— WHAT TO DO —
Nothing in the listing below should be skipped, so transcribe it all exactly.

— STUDY MATERIAL —
lemma wstar_conv_Y_lift:
  fixes Y :: "'a::banach set"
  assumes sep: "separable_space (euclidean :: 'a topology)"
    and Y: "subspace Y" "closed Y" and t: "\<And>n. t n \<in> dual_sub Y"
    and conv: "wstar_conv_Y Y t (restr_adj Y f)"
  shows "\<exists>s r. strict_mono r \<and> (\<forall>k. restr_adj Y (s k) = t (r k)) \<and> wstar_conv_X s f"
proof -
  have t_lim: "(\<lambda>n. t n y) \<longlonglongrightarrow> f y" if "y \<in> Y" for y
    using conv that by (simp add: wstar_conv_Y_def restr_adj_def)
  then have "bounded (range (\<lambda>n. t n y))" if "y \<in> Y" for y
    using that convergent_imp_bounded by blast
  from uniform_boundedness_dual_sub[OF Y t this]
  obtain K0 where K0: "\<And>n y. y \<in> Y \<Longrightarrow> \<bar>t n y\<bar> \<le> K0 * norm y"
    by blast
  have "\<forall>n. \<exists>e. (\<forall>y\<in>Y. blinfun_apply e y = t n y - f y) \<and> norm e \<le> \<bar>K0\<bar> + norm f"
    using dual_sub_extension_diff[OF Y(1) t K0] by blast
  from choice[OF this] obtain e :: "nat \<Rightarrow> 'a \<Rightarrow>\<^sub>L real"
    where e_Y: "\<And>n y. y \<in> Y \<Longrightarrow> e n y = t n y - f y"
      and e_norm: "\<And>n. norm (e n) \<le> \<bar>K0\<bar> + norm f"
    by blast
  from wstar_conv_X_convergent_subseq[of e, OF sep e_norm]
  obtain r e0 where r: "strict_mono r" and e0: "wstar_conv_X (e \<circ> r) e0"
    by blast
  have e0_Y: "e0 y = 0" if "y \<in> Y" for y
  proof (rule LIMSEQ_unique)
    show "(\<lambda>k. e (r k) y) \<longlonglongrightarrow> e0 y"
      using e0 by (simp add: wstar_conv_X_def)
    have "(\<lambda>k. t (r k) y - f y) \<longlonglongrightarrow> f y - f y"
      using LIMSEQ_subseq_LIMSEQ[OF t_lim[OF that] r] by (intro tendsto_diff) (simp_all add: o_def)
    then show "(\<lambda>k. e (r k) y) \<longlonglongrightarrow> 0"
      using e_Y[OF that] by simp
  qed
  define s where "s k = f + e (r k) - e0" for k
  have "restr_adj Y (s k) = t (r k)" for k
    using e_Y e0_Y dual_sub_outside[OF t]
    by (auto simp: restr_adj_def s_def blinfun.add_left blinfun.diff_left)
  moreover have "wstar_conv_X s f"
    unfolding wstar_conv_X_def
  proof
    fix x
    have "(\<lambda>k. e (r k) x) \<longlonglongrightarrow> e0 x"
      using e0 by (simp add: wstar_conv_X_def)
    then have "(\<lambda>k. f x + e (r k) x - e0 x) \<longlonglongrightarrow> f x + e0 x - e0 x"
      by (intro tendsto_diff tendsto_add tendsto_const)
    then show "(\<lambda>k. s k x) \<longlonglongrightarrow> f x"
      by (simp add: s_def blinfun.add_left blinfun.diff_left)
  qed
  ultimately show ?thesis
    using r by blast
qed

— SOLUTION TO THE PROBLEM —
lemma wstar_conv_Y_lift:
  fixes Y :: "'a::banach set"
  assumes sep: "separable_space (euclidean :: 'a topology)"
    and Y: "subspace Y" "closed Y" and t: "\<And>n. t n \<in> dual_sub Y"
    and conv: "wstar_conv_Y Y t (restr_adj Y f)"
  shows "\<exists>s r. strict_mono r \<and> (\<forall>k. restr_adj Y (s k) = t (r k)) \<and> wstar_conv_X s f"
proof -
  have t_lim: "(\<lambda>n. t n y) \<longlonglongrightarrow> f y" if "y \<in> Y" for y
    using conv that by (simp add: wstar_conv_Y_def restr_adj_def)
  then have "bounded (range (\<lambda>n. t n y))" if "y \<in> Y" for y
    using that convergent_imp_bounded by blast
  from uniform_boundedness_dual_sub[OF Y t this]
  obtain K0 where K0: "\<And>n y. y \<in> Y \<Longrightarrow> \<bar>t n y\<bar> \<le> K0 * norm y"
    by blast
  have "\<forall>n. \<exists>e. (\<forall>y\<in>Y. blinfun_apply e y = t n y - f y) \<and> norm e \<le> \<bar>K0\<bar> + norm f"
    using dual_sub_extension_diff[OF Y(1) t K0] by blast
  from choice[OF this] obtain e :: "nat \<Rightarrow> 'a \<Rightarrow>\<^sub>L real"
    where e_Y: "\<And>n y. y \<in> Y \<Longrightarrow> e n y = t n y - f y"
      and e_norm: "\<And>n. norm (e n) \<le> \<bar>K0\<bar> + norm f"
    by blast
  from wstar_conv_X_convergent_subseq[of e, OF sep e_norm]
  obtain r e0 where r: "strict_mono r" and e0: "wstar_conv_X (e \<circ> r) e0"
    by blast
  have e0_Y: "e0 y = 0" if "y \<in> Y" for y
  proof (rule LIMSEQ_unique)
    show "(\<lambda>k. e (r k) y) \<longlonglongrightarrow> e0 y"
      using e0 by (simp add: wstar_conv_X_def)
    have "(\<lambda>k. t (r k) y - f y) \<longlonglongrightarrow> f y - f y"
      using LIMSEQ_subseq_LIMSEQ[OF t_lim[OF that] r] by (intro tendsto_diff) (simp_all add: o_def)
    then show "(\<lambda>k. e (r k) y) \<longlonglongrightarrow> 0"
      using e_Y[OF that] by simp
  qed
  define s where "s k = f + e (r k) - e0" for k
  have "restr_adj Y (s k) = t (r k)" for k
    using e_Y e0_Y dual_sub_outside[OF t]
    by (auto simp: restr_adj_def s_def blinfun.add_left blinfun.diff_left)
  moreover have "wstar_conv_X s f"
    unfolding wstar_conv_X_def
  proof
    fix x
    have "(\<lambda>k. e (r k) x) \<longlonglongrightarrow> e0 x"
      using e0 by (simp add: wstar_conv_X_def)
    then have "(\<lambda>k. f x + e (r k) x - e0 x) \<longlonglongrightarrow> f x + e0 x - e0 x"
      by (intro tendsto_diff tendsto_add tendsto_const)
    then show "(\<lambda>k. s k x) \<longlonglongrightarrow> f x"
      by (simp add: s_def blinfun.add_left blinfun.diff_left)
  qed
  ultimately show ?thesis
    using r by blast
qed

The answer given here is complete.